The Toronto Black Film Festival presented Spike Lee, Cannes Film Festival’s first Black Jury President, with the Toronto Black Film Festival’s 2020 Lifetime Achievement Award during an intimate evening, where festival-goers watched a restored version of his film Bamboozled and heard the Academy Award-winning director discuss his journey as a filmmaker as well as his views on today’s socio-economic environment.
#TBFF20 presented 9 World Premieres, 5 International Premieres, 1 North-American premiere, 20 Canadian Premieres and 34 Ontario Premieres. #TBFF20, Canada’s largest celebration of Black History Month through films and more, showcased over 75 films from 20 countries, including Jamaica, Germany, Brazil, South Africa, Ghana, Nigeria, Canada, USA, Kenya, UK, Trinidad & Tobago, France, Namibia, Italy and more.
“Welcoming and paying tribute to the legendary Spike Lee at the 2020 Toronto Black Film Festival was a true privilege for us all and quite a coup for Toronto and the Festival. His commitment to independent cinema, his strength, determination, and activism in achieving social justice really make a difference in a world that, too often, tends to silence us. Today, our focus at TBFF is to go beyond ‘awareness’ with concrete ‘actions’ to foster the inclusion of diversity off and on camera!”States Fabienne Colas, President and Founder of the TBFF.
“Through the TD Ready Commitment, we were delighted to be co-presenting the Toronto Black Film Festival, for the 5th year, as part of our 2020 Black History Month series. We are thrilled with this year’s amazing film festival screenings that celebrate our diversities, amplify underrepresented voices, and will help shape our country’s history for today and tomorrow,”said Naki Osutei, Associate Vice President, Social Impact, TD Bank Group.
Created by the Fabienne Colas Foundation, the Toronto Black Film Festival promotes diversity off and on screen and gives minorities a voice. Part of TD’s 2020 Black History Month Series, #TBFF20 kicked off with Maximilian Carlson’s Princess Of The Row and will close with Bernard Attal’s Restless (Sem Descanso). One of the highlights is an initiative from The Fabienne Colas Foundation’s Youth & Diversity Program: Being Black in Canada. Fifteen emerging Black Canadian filmmakers (18-30 years old), from Toronto, Montreal and Halifax, screened their 15 short documentary films produced through the program – as Ontario Premieres. This edition’s Centrepiece films include Angus Gibson’s Back Of The Moon and Paxton Winters’ Pacified (Pacificado).
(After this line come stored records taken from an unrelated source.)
lemma translates_of_compact_contain_balls:
  assumes proper: "\<And>x r. x \<in> M \<Longrightarrow> compactin mtopology (mcball x r)"
    and surj: "\<And>i. i \<in> I \<Longrightarrow> \<phi> i ` M = M"
    and iso: "\<And>i x y. i \<in> I \<Longrightarrow> x \<in> M \<Longrightarrow> y \<in> M \<Longrightarrow> d (\<phi> i x) (\<phi> i y) = d x y"
    and K: "compactin mtopology K" "(\<Union>i\<in>I. \<phi> i ` K) = M"
  obtains C where "compactin mtopology C" "\<And>x. x \<in> M \<Longrightarrow> \<exists>i\<in>I. mball x R \<subseteq> \<phi> i ` C"
proof (cases "K = {}")
  case True
  then show thesis
    using that K(2) by fastforce
next
  case False
  then obtain k0 where "k0 \<in> K" by blast
  have "K \<subseteq> M"
    using K(1) compactin_subset_topspace by fastforce
  obtain B where B: "\<And>x y. x \<in> K \<Longrightarrow> y \<in> K \<Longrightarrow> d x y \<le> B"
    using K(1) compactin_imp_mbounded mbounded_alt by meson
  define C where "C = mcball k0 (B + R)"
  have ball_C: "mball k R \<subseteq> C" if "k \<in> K" for k
  proof
    fix y assume "y \<in> mball k R"
    moreover have "d k0 y \<le> d k0 k + d k y"
      using \<open>k0 \<in> K\<close> \<open>K \<subseteq> M\<close> that \<open>y \<in> mball k R\<close> by (auto intro: triangle)
    ultimately show "y \<in> C"
      using B[OF \<open>k0 \<in> K\<close> that] \<open>k0 \<in> K\<close> \<open>K \<subseteq> M\<close> by (auto simp: C_def)
  qed
  have "compactin mtopology C"
    using proper \<open>k0 \<in> K\<close> \<open>K \<subseteq> M\<close> unfolding C_def by blast
  moreover have "\<exists>i\<in>I. mball x R \<subseteq> \<phi> i ` C" if "x \<in> M" for x
  proof -
    obtain i k where "i \<in> I" "k \<in> K" "x = \<phi> i k"
      using K(2) \<open>x \<in> M\<close> by blast
    moreover have "k \<in> M"
      using \<open>K \<subseteq> M\<close> \<open>k \<in> K\<close> by blast
    ultimately have "mball x R = \<phi> i ` mball k R"
      by (simp add: mball_isometry_image surj iso)
    then show ?thesis
      using \<open>i \<in> I\<close> ball_C[OF \<open>k \<in> K\<close>] by blast
  qed
  ultimately show thesis
    by (rule that)
qed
The TBFF Kids Film Festival returned on Family Day with a variety of films, storytelling and workshops. TBFF was thrilled to host a Movie-Talk with two-time NFL Super Bowl Champion Malcolm Jenkins of the Philadelphia Eagles following the screening of Sandra Lowman’s documentary feature Black Boys. Industry events took place as part of TBFF Black Market, which includes a Panel Discussion and Masterclass with filmmakers. Finally, festival-goers capped off their day with the #TBFF20 late night live performances.